**TASK REQUIREMENTS:**
Which lines come from the start of the records through the line that holds "unfolding seq_space_def by (simp"? Write them out word for word.

**INPUT DATA:**
--- START ---

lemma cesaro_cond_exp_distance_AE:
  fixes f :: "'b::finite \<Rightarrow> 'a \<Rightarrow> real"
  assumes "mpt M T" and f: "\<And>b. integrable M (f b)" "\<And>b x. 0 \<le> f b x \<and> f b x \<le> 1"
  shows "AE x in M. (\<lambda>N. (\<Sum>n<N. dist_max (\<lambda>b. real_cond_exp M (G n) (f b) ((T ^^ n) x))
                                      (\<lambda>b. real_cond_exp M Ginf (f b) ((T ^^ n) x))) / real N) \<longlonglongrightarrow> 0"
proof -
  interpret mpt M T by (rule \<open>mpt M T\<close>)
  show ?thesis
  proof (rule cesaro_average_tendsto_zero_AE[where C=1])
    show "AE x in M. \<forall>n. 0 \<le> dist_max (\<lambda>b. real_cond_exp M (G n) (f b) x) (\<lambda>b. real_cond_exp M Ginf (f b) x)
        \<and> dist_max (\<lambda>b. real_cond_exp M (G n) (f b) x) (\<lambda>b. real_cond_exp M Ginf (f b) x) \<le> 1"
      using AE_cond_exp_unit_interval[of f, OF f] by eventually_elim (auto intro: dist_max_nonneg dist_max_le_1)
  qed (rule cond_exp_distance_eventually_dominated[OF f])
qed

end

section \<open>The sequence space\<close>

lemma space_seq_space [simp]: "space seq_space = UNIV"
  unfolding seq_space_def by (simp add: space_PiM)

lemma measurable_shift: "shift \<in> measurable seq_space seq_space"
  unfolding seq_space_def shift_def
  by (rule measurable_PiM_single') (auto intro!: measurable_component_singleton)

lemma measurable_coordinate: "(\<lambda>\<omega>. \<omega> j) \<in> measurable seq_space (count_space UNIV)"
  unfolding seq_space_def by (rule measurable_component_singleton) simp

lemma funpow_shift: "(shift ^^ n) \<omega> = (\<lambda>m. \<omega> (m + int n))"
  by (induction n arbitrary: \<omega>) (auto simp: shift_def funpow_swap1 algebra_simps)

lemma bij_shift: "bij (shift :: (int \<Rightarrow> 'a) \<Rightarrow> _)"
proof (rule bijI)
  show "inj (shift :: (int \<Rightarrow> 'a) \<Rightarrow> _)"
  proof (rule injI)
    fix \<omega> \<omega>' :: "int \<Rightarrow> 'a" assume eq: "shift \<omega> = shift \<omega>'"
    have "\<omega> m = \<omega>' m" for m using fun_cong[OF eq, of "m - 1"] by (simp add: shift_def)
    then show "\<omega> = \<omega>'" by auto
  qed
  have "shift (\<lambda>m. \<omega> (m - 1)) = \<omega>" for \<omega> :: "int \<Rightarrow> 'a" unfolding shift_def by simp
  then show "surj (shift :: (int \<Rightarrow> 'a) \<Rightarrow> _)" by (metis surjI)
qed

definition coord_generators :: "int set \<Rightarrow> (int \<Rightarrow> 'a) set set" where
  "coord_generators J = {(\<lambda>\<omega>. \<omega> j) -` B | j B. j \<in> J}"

--- END ---

**SOLUTION TO THE EXERCISE:**
lemma cesaro_cond_exp_distance_AE:
  fixes f :: "'b::finite \<Rightarrow> 'a \<Rightarrow> real"
  assumes "mpt M T" and f: "\<And>b. integrable M (f b)" "\<And>b x. 0 \<le> f b x \<and> f b x \<le> 1"
  shows "AE x in M. (\<lambda>N. (\<Sum>n<N. dist_max (\<lambda>b. real_cond_exp M (G n) (f b) ((T ^^ n) x))
                                      (\<lambda>b. real_cond_exp M Ginf (f b) ((T ^^ n) x))) / real N) \<longlonglongrightarrow> 0"
proof -
  interpret mpt M T by (rule \<open>mpt M T\<close>)
  show ?thesis
  proof (rule cesaro_average_tendsto_zero_AE[where C=1])
    show "AE x in M. \<forall>n. 0 \<le> dist_max (\<lambda>b. real_cond_exp M (G n) (f b) x) (\<lambda>b. real_cond_exp M Ginf (f b) x)
        \<and> dist_max (\<lambda>b. real_cond_exp M (G n) (f b) x) (\<lambda>b. real_cond_exp M Ginf (f b) x) \<le> 1"
      using AE_cond_exp_unit_interval[of f, OF f] by eventually_elim (auto intro: dist_max_nonneg dist_max_le_1)
  qed (rule cond_exp_distance_eventually_dominated[OF f])
qed

end

section \<open>The sequence space\<close>

lemma space_seq_space [simp]: "space seq_space = UNIV"
  unfolding seq_space_def by (simp add: space_PiM)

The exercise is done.